Collected data entries:
(* The ordered $(n-1)$-complex $\mathfrak X=\bigcup_{\alpha\in\mathfrak I}\mathfrak X_\alpha\subset\mathbb R^{n-1}$ is a $\Lambda$-complex for $\Lambda:=\mathbb Z^r\times N_1\mathbb Z\times\cdots\times N_{r_2}\mathbb Z$. Moreover: (i) $\mathrm{Vt}(\mathfrak X_\alpha)\subset\mathbb Z^{n-1}$ for all $\alpha$; (ii) $|\mathfrak I|=(n-1)!\prod_{j=1}^{r_2}N_j$; (iii) for every $1\le j\le r_2$ and $\alpha\in\mathfrak I$ there is $\alpha_j\in\mathbb R$ such that $\alpha_j\le\Omega_j(\kappa)\le\alpha_j+1$ for all $\kappa\in\mathfrak X_\alpha$, where $$\Omega_j(\kappa):=\kappa[r+j]+\frac{N_j}{2\pi}\sum_{\ell=1}^r\kappa[\ell]\arg(\varepsilon_\ell^{(r_1+j)}),\qquad\kappa=(\kappa[1],\dots,\kappa[n-1]).$$
   Context: Number field setup: $k$ is a number field of degree $n=r_1+2r_2$ with real embeddings $\tau_1,\dots,\tau_{r_1}$ and complex embeddings $\tau_{r_1+1},\dots,\tau_{r_1+r_2}$ (one from each conjugate pair); $\gamma^{(i)}:=\tau_i(\gamma)$. Let $r=r_1+r_2-1$, let $\varepsilon_1,\dots,\varepsilon_r$ be multiplicatively independent totally positive units of $k$, and fix integers $N_j\ge 3$ ($1\le j\le r_2$). $\arg$ takes values in $(-\pi,\pi]$. Ordered complexes: an ordered $p$-complex in a $p$-dimensional real vector space $V$ is a family $X=\bigcup_{\alpha\in\mathfrak I}X_\alpha$ of $p$-simplices $X_\alpha\subset V$ (vertex set $\mathrm{Vt}(X_\alpha)$), each with a total order $\prec_\alpha$ on $\mathrm{Vt}(X_\alpha)$; $[s_1,\dots,s_t]$ denotes a convex hull. For $x$ in a simplex $S$, $\mathrm{SpVt}(x)$ is the set of vertices of $S$ with positive barycentric coordinate in $x$. $\Lambda$-complex: $X$ is a $\Lambda$-complex if (i) for all $\alpha,\beta$, $X_\alpha\cap X_\beta$ is empty or equals the convex hull of $\mathrm{Vt}(X_\alpha)\cap\mathrm{Vt}(X_\beta)$; (ii) for $v,w\in\mathrm{Vt}(X_\alpha)\cap\mathrm{Vt}(X_\beta)$, $v\prec_\alpha w\iff v\prec_\beta w$; (iii) if $v,w\in\mathrm{Vt}(X_\alpha)$, $\lambda\in\Lambda$ and $v+\lambda,w+\lambda\in\mathrm{Vt}(X_{\alpha'})$, then $v\prec_\alpha w\iff v+\lambda\prec_{\alpha'}w+\lambda$; (iv) the quotient map $V\to V/\Lambda$ restricted to $X$ is surjective and is injective on the union of the interiors of the $X_\alpha$; (v) if $x,x'\in X$, $\lambda\in\Lambda$, $x'=x+\lambda$, then $\mathrm{SpVt}(x')=\mathrm{SpVt}(x)+\lambda$. Construction $Y(X,\omega,[M_1,M_2])$: given an ordered $p$-complex $X$, linear $\omega:V\to\mathbb R$, integers $M_1<M_2$: let $A:V\to(0,1]$ with $A(u)-\omega(u)\in\mathbb Z$, $a(u):=A(u)-\omega(u)$; order $\prec_\alpha^A$: $u\prec_\alpha^A u'$ iff $A(u)<A(u')$, or $A(u)=A(u')$ and $u\prec_\alpha u'$. $J=\{(\alpha,v,\ell):v\in\mathrm{Vt}(X_\alpha),\ \ell\in\mathbb Z,\ M_1\le\ell<M_2\}$; for $\gamma=(\alpha,v,\ell)$, list $\mathrm{Vt}(X_\alpha)$ as $v_0\prec_\alpha^A\cdots\prec_\alpha^Av_p$, $v=v_j$, and $Y_\gamma=[v_0\times(a(v_0)+\ell),\dots,v_j\times(a(v_j)+\ell),v_j\times(a(v_j)+\ell-1),\dots,v_p\times(a(v_p)+\ell-1)]$, ordered by $\rho\prec_\gamma\rho'$ iff $\pi_V(\rho)\prec_\alpha\pi_V(\rho')$, or $\pi_V(\rho)=\pi_V(\rho')$ and $\pi_{\mathbb R}(\rho')<\pi_{\mathbb R}(\rho)$. $Y(X,\omega,[M_1,M_2])=\bigcup_{\gamma\in J}Y_\gamma$. The complex $\mathfrak X$: $X_0=\{0\}\subset\mathbb R^0$ (one simplex, one vertex). For $1\le j\le r$, $X_j=Y(X_{j-1},0,[0,1])\subset\mathbb R^j$. For $1\le j\le r_2$, $X_{r+j}=Y(X_{r+j-1},\omega_{r+j-1},[0,N_j])$ with $\omega_{r+j-1}(x)=\frac{N_j}{2\pi}\sum_{\ell=1}^r x[\ell]\arg(\varepsilon_\ell^{(r_1+j)})$. $\mathfrak X=\bigcup_{\alpha\in\mathfrak I}\mathfrak X_\alpha:=X_{n-1}\subset\mathbb R^{n-1}$. *)

theory Defs
  imports "HOL-Analysis.Analysis"
begin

- Task details: Print the records again in their entirety, character for character.

- Answer to this task:
(* The ordered $(n-1)$-complex $\mathfrak X=\bigcup_{\alpha\in\mathfrak I}\mathfrak X_\alpha\subset\mathbb R^{n-1}$ is a $\Lambda$-complex for $\Lambda:=\mathbb Z^r\times N_1\mathbb Z\times\cdots\times N_{r_2}\mathbb Z$. Moreover: (i) $\mathrm{Vt}(\mathfrak X_\alpha)\subset\mathbb Z^{n-1}$ for all $\alpha$; (ii) $|\mathfrak I|=(n-1)!\prod_{j=1}^{r_2}N_j$; (iii) for every $1\le j\le r_2$ and $\alpha\in\mathfrak I$ there is $\alpha_j\in\mathbb R$ such that $\alpha_j\le\Omega_j(\kappa)\le\alpha_j+1$ for all $\kappa\in\mathfrak X_\alpha$, where $$\Omega_j(\kappa):=\kappa[r+j]+\frac{N_j}{2\pi}\sum_{\ell=1}^r\kappa[\ell]\arg(\varepsilon_\ell^{(r_1+j)}),\qquad\kappa=(\kappa[1],\dots,\kappa[n-1]).$$
   Context: Number field setup: $k$ is a number field of degree $n=r_1+2r_2$ with real embeddings $\tau_1,\dots,\tau_{r_1}$ and complex embeddings $\tau_{r_1+1},\dots,\tau_{r_1+r_2}$ (one from each conjugate pair); $\gamma^{(i)}:=\tau_i(\gamma)$. Let $r=r_1+r_2-1$, let $\varepsilon_1,\dots,\varepsilon_r$ be multiplicatively independent totally positive units of $k$, and fix integers $N_j\ge 3$ ($1\le j\le r_2$). $\arg$ takes values in $(-\pi,\pi]$. Ordered complexes: an ordered $p$-complex in a $p$-dimensional real vector space $V$ is a family $X=\bigcup_{\alpha\in\mathfrak I}X_\alpha$ of $p$-simplices $X_\alpha\subset V$ (vertex set $\mathrm{Vt}(X_\alpha)$), each with a total order $\prec_\alpha$ on $\mathrm{Vt}(X_\alpha)$; $[s_1,\dots,s_t]$ denotes a convex hull. For $x$ in a simplex $S$, $\mathrm{SpVt}(x)$ is the set of vertices of $S$ with positive barycentric coordinate in $x$. $\Lambda$-complex: $X$ is a $\Lambda$-complex if (i) for all $\alpha,\beta$, $X_\alpha\cap X_\beta$ is empty or equals the convex hull of $\mathrm{Vt}(X_\alpha)\cap\mathrm{Vt}(X_\beta)$; (ii) for $v,w\in\mathrm{Vt}(X_\alpha)\cap\mathrm{Vt}(X_\beta)$, $v\prec_\alpha w\iff v\prec_\beta w$; (iii) if $v,w\in\mathrm{Vt}(X_\alpha)$, $\lambda\in\Lambda$ and $v+\lambda,w+\lambda\in\mathrm{Vt}(X_{\alpha'})$, then $v\prec_\alpha w\iff v+\lambda\prec_{\alpha'}w+\lambda$; (iv) the quotient map $V\to V/\Lambda$ restricted to $X$ is surjective and is injective on the union of the interiors of the $X_\alpha$; (v) if $x,x'\in X$, $\lambda\in\Lambda$, $x'=x+\lambda$, then $\mathrm{SpVt}(x')=\mathrm{SpVt}(x)+\lambda$. Construction $Y(X,\omega,[M_1,M_2])$: given an ordered $p$-complex $X$, linear $\omega:V\to\mathbb R$, integers $M_1<M_2$: let $A:V\to(0,1]$ with $A(u)-\omega(u)\in\mathbb Z$, $a(u):=A(u)-\omega(u)$; order $\prec_\alpha^A$: $u\prec_\alpha^A u'$ iff $A(u)<A(u')$, or $A(u)=A(u')$ and $u\prec_\alpha u'$. $J=\{(\alpha,v,\ell):v\in\mathrm{Vt}(X_\alpha),\ \ell\in\mathbb Z,\ M_1\le\ell<M_2\}$; for $\gamma=(\alpha,v,\ell)$, list $\mathrm{Vt}(X_\alpha)$ as $v_0\prec_\alpha^A\cdots\prec_\alpha^Av_p$, $v=v_j$, and $Y_\gamma=[v_0\times(a(v_0)+\ell),\dots,v_j\times(a(v_j)+\ell),v_j\times(a(v_j)+\ell-1),\dots,v_p\times(a(v_p)+\ell-1)]$, ordered by $\rho\prec_\gamma\rho'$ iff $\pi_V(\rho)\prec_\alpha\pi_V(\rho')$, or $\pi_V(\rho)=\pi_V(\rho')$ and $\pi_{\mathbb R}(\rho')<\pi_{\mathbb R}(\rho)$. $Y(X,\omega,[M_1,M_2])=\bigcup_{\gamma\in J}Y_\gamma$. The complex $\mathfrak X$: $X_0=\{0\}\subset\mathbb R^0$ (one simplex, one vertex). For $1\le j\le r$, $X_j=Y(X_{j-1},0,[0,1])\subset\mathbb R^j$. For $1\le j\le r_2$, $X_{r+j}=Y(X_{r+j-1},\omega_{r+j-1},[0,N_j])$ with $\omega_{r+j-1}(x)=\frac{N_j}{2\pi}\sum_{\ell=1}^r x[\ell]\arg(\varepsilon_\ell^{(r_1+j)})$. $\mathfrak X=\bigcup_{\alpha\in\mathfrak I}\mathfrak X_\alpha:=X_{n-1}\subset\mathbb R^{n-1}$. *)

theory Defs
  imports "HOL-Analysis.Analysis"
begin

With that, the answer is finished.